The proposed research addresses a major safety issue in the U.S. highway system with a proactive repair action and modification plan that can be decided based upon the conditions of the retrofit fatigue cracks on a bridge. As a result of the proposed research, the repair plans of highway bridges can be stayed within the improved state of good repair, and will contribute to road safety and improve the economic competitiveness of the U.S. transportation system.
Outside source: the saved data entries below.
lemma prod_if_eq_mult_power:
  fixes D R :: real
  assumes "l < n"
  shows "(\<Prod>k<n. if k = l then D else R) = D * R ^ (n - 1)"
proof -
  have "(\<Prod>k<n. if k = l then D else R) = D * (\<Prod>k\<in>{..<n} - {l}. if k = l then D else R)"
    using assms by (subst prod.remove[of _ l]) auto
  also have "(\<Prod>k\<in>{..<n} - {l}. if k = l then D else R) = R ^ (n - 1)"
    using assms by (simp add: card_Diff_singleton)
  finally show ?thesis .
qed

text \<open>Telescoping the difference of the products, each term factors into one-dimensional
  sums, one of which is \<open>\<parallel>y - x\<parallel>\<^sub>1\<close> while the other \<open>n - 1\<close> are bounded by \<open>R\<close>.\<close>
lemma prod_diff_majorant_l1:
  assumes x: "lp_mem 1 x" and y: "lp_mem 1 y"
    and Rx: "lp_norm 1 x \<le> R" and Ry: "lp_norm 1 y \<le> R"
  obtains g S where "(g has_sum S) (PiE {..<n} (\<lambda>_. UNIV))"
    and "\<And>j. \<bar>(\<Prod>k<n. y (j k)) - (\<Prod>k<n. x (j k))\<bar> \<le> g j"
    and "S \<le> real n * R ^ (n - 1) * lp_norm 1 (y - x)"
proof -
  define w where "w l k = (\<lambda>i. if k < l then \<bar>x i\<bar> else if k = l then \<bar>y i - x i\<bar> else \<bar>y i\<bar>)"
    for l k :: nat
  have yx: "lp_mem 1 (y - x)"
    using x y by (rule lp_mem_1_diff)
  have summable_w: "summable (w l k)" for l k
    using x y yx by (cases "k < l"; cases "k = l") (auto simp: w_def lp_mem_1_iff)
  have suminf_w: "suminf (w l k) =
      (if k < l then lp_norm 1 x else if k = l then lp_norm 1 (y - x) else lp_norm 1 y)" for l k
    using x y yx by (simp add: w_def lp_norm_1_eq)
  have "((\<lambda>j. \<Sum>l<n. \<Prod>k<n. w l k (j k)) has_sum (\<Sum>l<n. \<Prod>k<n. suminf (w l k))) (PiE {..<n} (\<lambda>_. UNIV))"
    using summable_w by (intro has_sum_sum_family has_sum_PiE_prod_nonneg) (auto simp: w_def)
  moreover have "\<bar>(\<Prod>k<n. y (j k)) - (\<Prod>k<n. x (j k))\<bar> \<le> (\<Sum>l<n. \<Prod>k<n. w l k (j k))" for j
    using abs_prod_diff_le[where n = n and b = "\<lambda>k. y (j k)" and a = "\<lambda>k. x (j k)"] by (simp add: w_def)
  moreover have "(\<Sum>l<n. \<Prod>k<n. suminf (w l k)) \<le> (\<Sum>l<n. lp_norm 1 (y - x) * R ^ (n - 1))"
  proof (intro sum_mono)
    fix l assume "l \<in> {..<n}"
    then have "(\<Prod>k<n. suminf (w l k)) \<le> (\<Prod>k<n. if k = l then lp_norm 1 (y - x) else R)"
      unfolding suminf_w using Rx Ry lp_norm_nonneg[of 1 x] lp_norm_nonneg[of 1 y] lp_norm_nonneg[of 1 "y - x"]
      by (intro prod_mono) auto
    also have "\<dots> = lp_norm 1 (y - x) * R ^ (n - 1)"
      using \<open>l \<in> {..<n}\<close> by (simp add: prod_if_eq_mult_power)
    finally show "(\<Prod>k<n. suminf (w l k)) \<le> lp_norm 1 (y - x) * R ^ (n - 1)" .
  qed
  ultimately show ?thesis
    by (intro that) (auto simp: mult_ac)
qed

section \<open>The generalized Hilbert tensor\<close>

definition hilbert_term :: "nat \<Rightarrow> real \<Rightarrow> (nat \<Rightarrow> real) \<Rightarrow> nat \<Rightarrow> (nat \<Rightarrow> nat) \<Rightarrow> real" where
  "hilbert_term m a x i j = (\<Prod>k<m-1. x (j k)) / (real i + (\<Sum>k<m-1. real (j k)) + a)"

lemma Hinf_eq_infsum: "Hinf m a x i = infsum (hilbert_term m a x i) (PiE {..<m-1} (\<lambda>_. UNIV))"
  by (simp add: Hinf_def hilbert_term_def[abs_def])

lemma abs_div_hilbert_denominator_le:
  assumes "a > 0"
  shows "\<bar>u / (real i + (\<Sum>k<n. real (j k)) + a)\<bar> \<le> \<bar>u\<bar> / (real i + a)"
proof -
  have le: "real i + a \<le> real i + (\<Sum>k<n. real (j k)) + a"
    by (simp add: sum_nonneg)
  have "\<bar>u / (real i + (\<Sum>k<n. real (j k)) + a)\<bar> = \<bar>u\<bar> / (real i + (\<Sum>k<n. real (j k)) + a)"
    using le assms by (simp add: abs_divide)
  also have "\<dots> \<le> \<bar>u\<bar> / (real i + a)"
    using le assms by (intro divide_left_mono) auto
  finally show ?thesis .
qed

lemma abs_hilbert_term_le:
  assumes "a > 0"
  shows "\<bar>hilbert_term m a x i j\<bar> \<le> (\<Prod>k<m-1. \<bar>x (j k)\<bar>) / (real i + a)"
  unfolding hilbert_term_def abs_prod[symmetric] by (rule abs_div_hilbert_denominator_le[OF assms])

lemma hilbert_term_majorant:
  assumes a: "a > 0" and x: "lp_mem 1 x"
  shows "((\<lambda>j. (\<Prod>k<m-1. \<bar>x (j k)\<bar>) / (real i + a)) has_sum (lp_norm 1 x ^ (m - 1) / (real i + a)))
           (PiE {..<m-1} (\<lambda>_. UNIV))"
  using has_sum_cmult_left[OF has_sum_PiE_prod_nonneg[where n = "m - 1" and w = "\<lambda>_ i. \<bar>x i\<bar>"],
      of "inverse (real i + a)"] x
  by (simp add: lp_mem_1_iff lp_norm_1_eq divide_inverse)

lemma hilbert_term_summable:
  assumes "a > 0" and "lp_mem 1 x"
  shows "hilbert_term m a x i summable_on PiE {..<m-1} (\<lambda>_. UNIV)"
  by (rule has_sum_majorant(1)[OF hilbert_term_majorant[OF assms, of m i] abs_hilbert_term_le[OF assms(1), of m x i]])

lemma abs_Hinf_le:
  assumes "a > 0" and "lp_mem 1 x"
  shows "\<bar>Hinf m a x i\<bar> \<le> lp_norm 1 x ^ (m - 1) / (real i + a)"
  unfolding Hinf_eq_infsum
  by (rule has_sum_majorant(2)[OF hilbert_term_majorant[OF assms, of m i] abs_hilbert_term_le[OF assms(1), of m x i]])

lemma abs_Hinf_diff_le:
  assumes a: "a > 0" and x: "lp_mem 1 x" and y: "lp_mem 1 y"
    and Rx: "lp_norm 1 x \<le> R" and Ry: "lp_norm 1 y \<le> R"
  shows "\<bar>Hinf m a y i - Hinf m a x i\<bar> \<le> real (m - 1) * R ^ (m - 2) * lp_norm 1 (y - x) / (real i + a)"
proof -
  let ?J = "PiE {..<m - 1} (\<lambda>_::nat. UNIV :: nat set)"
  obtain g S where g: "(g has_sum S) ?J"
    and dominated: "\<And>j. \<bar>(\<Prod>k<m - 1. y (j k)) - (\<Prod>k<m - 1. x (j k))\<bar> \<le> g j"
    and S: "S \<le> real (m - 1) * R ^ (m - 1 - 1) * lp_norm 1 (y - x)"
    using prod_diff_majorant_l1[OF x y Rx Ry] by blast
  have "((\<lambda>j. g j / (real i + a)) has_sum (S / (real i + a))) ?J"
    using has_sum_cmult_left[OF g, of "inverse (real i + a)"] by (simp add: divide_inverse)
  moreover have "\<bar>hilbert_term m a y i j - hilbert_term m a x i j\<bar> \<le> g j / (real i + a)" for j
  proof -
    have "\<bar>hilbert_term m a y i j - hilbert_term m a x i j\<bar>
        \<le> \<bar>(\<Prod>k<m - 1. y (j k)) - (\<Prod>k<m - 1. x (j k))\<bar> / (real i + a)"
      using abs_div_hilbert_denominator_le[OF a] by (simp add: hilbert_term_def diff_divide_distrib[symmetric])
    also have "\<dots> \<le> g j / (real i + a)"
      using a dominated by (intro divide_right_mono) auto
    finally show ?thesis .
  qed
  ultimately have "\<bar>infsum (\<lambda>j. hilbert_term m a y i j - hilbert_term m a x i j) ?J\<bar> \<le> S / (real i + a)"
    by (rule has_sum_majorant(2))
  also have "\<dots> \<le> real (m - 1) * R ^ (m - 2) * lp_norm 1 (y - x) / (real i + a)"
    using S a by (intro divide_right_mono) (simp_all add: numeral_2_eq_2)
  finally show ?thesis
    using a x y by (simp only: Hinf_eq_infsum infsum_diff hilbert_term_summable)
qed

lemma Hinf_scale: "Hinf m a (\<lambda>i. t * x i) i = t ^ (m - 1) * Hinf m a x i"
proof -
  have "hilbert_term m a (\<lambda>i. t * x i) i = (\<lambda>j. t ^ (m - 1) * hilbert_term m a x i j)"
    by (simp add: hilbert_term_def prod.distrib fun_eq_iff)
  then show ?thesis
    by (simp add: Hinf_eq_infsum infsum_cmult_right')
qed

lemma weighted_continuous_at_Hinf:
  assumes a: "a > 0" and x: "lp_mem 1 x"
  shows "weighted_continuous_at a 1 (Hinf m a) x"
  unfolding weighted_continuous_at_def
proof (intro allI impI)
  fix e :: real assume e: "e > 0"
  define R where "R = lp_norm 1 x + 1"
  define K where "K = real (m - 1) * R ^ (m - 2)"
  have K: "K \<ge> 0"
    using lp_norm_nonneg[of 1 x] by (simp add: K_def R_def)
  show "\<exists>d>0. \<forall>y. lp_mem 1 y \<longrightarrow> lp_norm 1 (y - x) < d \<longrightarrow>
      (\<forall>i. \<bar>Hinf m a y i - Hinf m a x i\<bar> \<le> e / (real i + a) powr 1)"
  proof (intro exI[of _ "min 1 (e / (K + 1))"] conjI allI impI)
    fix y i assume y: "lp_mem 1 y" and close: "lp_norm 1 (y - x) < min 1 (e / (K + 1))"
    have "lp_norm 1 y \<le> R"
      using lp_norm_1_triangle_ineq3[OF x y] close unfolding R_def by linarith
    then have "\<bar>Hinf m a y i - Hinf m a x i\<bar> \<le> K * lp_norm 1 (y - x) / (real i + a)"
      using abs_Hinf_diff_le[OF a x y] by (simp add: K_def R_def)
    also have "\<dots> \<le> e / (real i + a)"
    proof (intro divide_right_mono)
      have "K * lp_norm 1 (y - x) \<le> (K + 1) * lp_norm 1 (y - x)"
        using lp_norm_nonneg[of 1 "y - x"] by (simp add: algebra_simps)
      also have "\<dots> \<le> e"
        using close K by (simp add: field_simps)
      finally show "K * lp_norm 1 (y - x) \<le> e" .
    qed (use a in simp)
    finally show "\<bar>Hinf m a y i - Hinf m a x i\<bar> \<le> e / (real i + a) powr 1"
      using a by simp
  qed (use e K in simp)
qed

section \<open>The operators\<close>

text \<open>The case distinction in the definition of \<open>Tinf\<close> is redundant, since \<open>0 powr s = 0\<close>.\<close>
lemma Tinf_eq: "Tinf m a x = (\<lambda>i. lp_norm 1 x powr (2 - real m) * Hinf m a x i)"
  by (simp add: Tinf_def lp_norm_def)

lemma powr_2_minus_mult_power:
  assumes "N > 0" and "m \<ge> 1"
  shows "N powr (2 - real m) * N ^ (m - 1) = N"
  using assms by (simp add: powr_realpow[symmetric] powr_add[symmetric] of_nat_diff)

lemma abs_Tinf_le:
  assumes a: "a > 0" and m: "m \<ge> 2" and x: "lp_mem 1 x"
  shows "\<bar>Tinf m a x i\<bar> \<le> lp_norm 1 x / (real i + a) powr 1"
proof (cases "lp_norm 1 x = 0")
  case True
  then show ?thesis
    by (simp add: Tinf_eq)
next
  case False
  then have N: "lp_norm 1 x > 0"
    using lp_norm_nonneg[of 1 x] by simp
  have "\<bar>Tinf m a x i\<bar> = lp_norm 1 x powr (2 - real m) * \<bar>Hinf m a x i\<bar>"
    by (simp add: Tinf_eq abs_mult)
  also have "\<dots> \<le> lp_norm 1 x powr (2 - real m) * (lp_norm 1 x ^ (m - 1) / (real i + a))"
    using abs_Hinf_le[OF a x] by (intro mult_left_mono) auto
  also have "\<dots> = lp_norm 1 x / (real i + a) powr 1"
    using powr_2_minus_mult_power[OF N] m a by simp
  finally show ?thesis .
qed

lemma weighted_continuous_at_Tinf:
  assumes a: "a > 0" and m: "m \<ge> 2" and x: "lp_mem 1 x"
  shows "weighted_continuous_at a 1 (Tinf m a) x"
proof (cases "x = (\<lambda>_. 0)")
  case True
  have "Tinf m a (\<lambda>_. 0) = (\<lambda>_. 0)"
    by (simp add: Tinf_def)
  then show ?thesis
    unfolding True using abs_Tinf_le[OF a m] by (rule weighted_continuous_at_zero)
next
  case False
  define N where "N = lp_norm 1 x"
  have N: "N > 0"
    unfolding N_def using x False by (rule lp_norm_1_pos)
  have "isCont (\<lambda>u. u powr (2 - real m)) N"
    using N by (intro continuous_intros) auto
  then have norm_cont: "\<exists>d>0. \<forall>y. lp_mem 1 y \<longrightarrow> lp_norm 1 (y - x) < d \<longrightarrow>
      \<bar>lp_norm 1 y powr (2 - real m) - lp_norm 1 x powr (2 - real m)\<bar> < e" if "e > 0" for e
    using that lp_norm_1_triangle_ineq3[OF x] unfolding continuous_at_eps_delta dist_real_def N_def
    by (meson order_le_less_trans)
  have "weighted_continuous_at a 1 (\<lambda>y i. lp_norm 1 y powr (2 - real m) * Hinf m a y i) x"
    using weighted_continuous_at_Hinf[OF a x] abs_Hinf_le[OF a x] norm_cont a
    by (intro weighted_continuous_at_mult) auto
  then show ?thesis
    by (simp add: Tinf_eq[abs_def])
qed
The deteriorated condition of retrofitted fatigue cracks on old multiple-steel-girder bridge connections can cause catastrophic consequences if the crack sizes go beyond acceptable limits, and therefore may require immediate action by bridge repair planners and emergency responders. Extensive efforts have been devoted to investigating the causes behind fatigue crack initiation and growth in girder-steel bridges, and several retrofit repair schemes have been suggested and implemented in the field, with varying levels of success. One effective way to stop fatigue crack growth involves drilling holes near the crack tips; however, due to uncertainties in operational loading conditions and optimal hole size, cracks can grow around these holes and cause potentially dangerous scenarios. Fatigue cracks can grow quickly and cause unexpected damage before the traditional biennial inspection can take place. Therefore, it is critical to remotely detect fatigue crack reinitiation and growth at retrofit connections to help emergency responders and repair planners determine the action that has to be taken. In the proposed project, an experimental-numerical vibration-based damage detection methodology will be evaluated with respect to its effectiveness in capturing and predicting fatigue crack reinitiation and propagation of retrofit connections. Extended finite element (X-FEM) models of the retrofit connections will be developed in which fatigue crack growth around circular holes can be modeled and investigated. The goal of this work is to help highway bridge repair and maintenance teams develop more cost-effective repair plans and safer infrastructures. Preliminary results of a current vibration-based damage-detection methodology are very promising when it comes to the methods ability to detect fatigue cracks in field applications.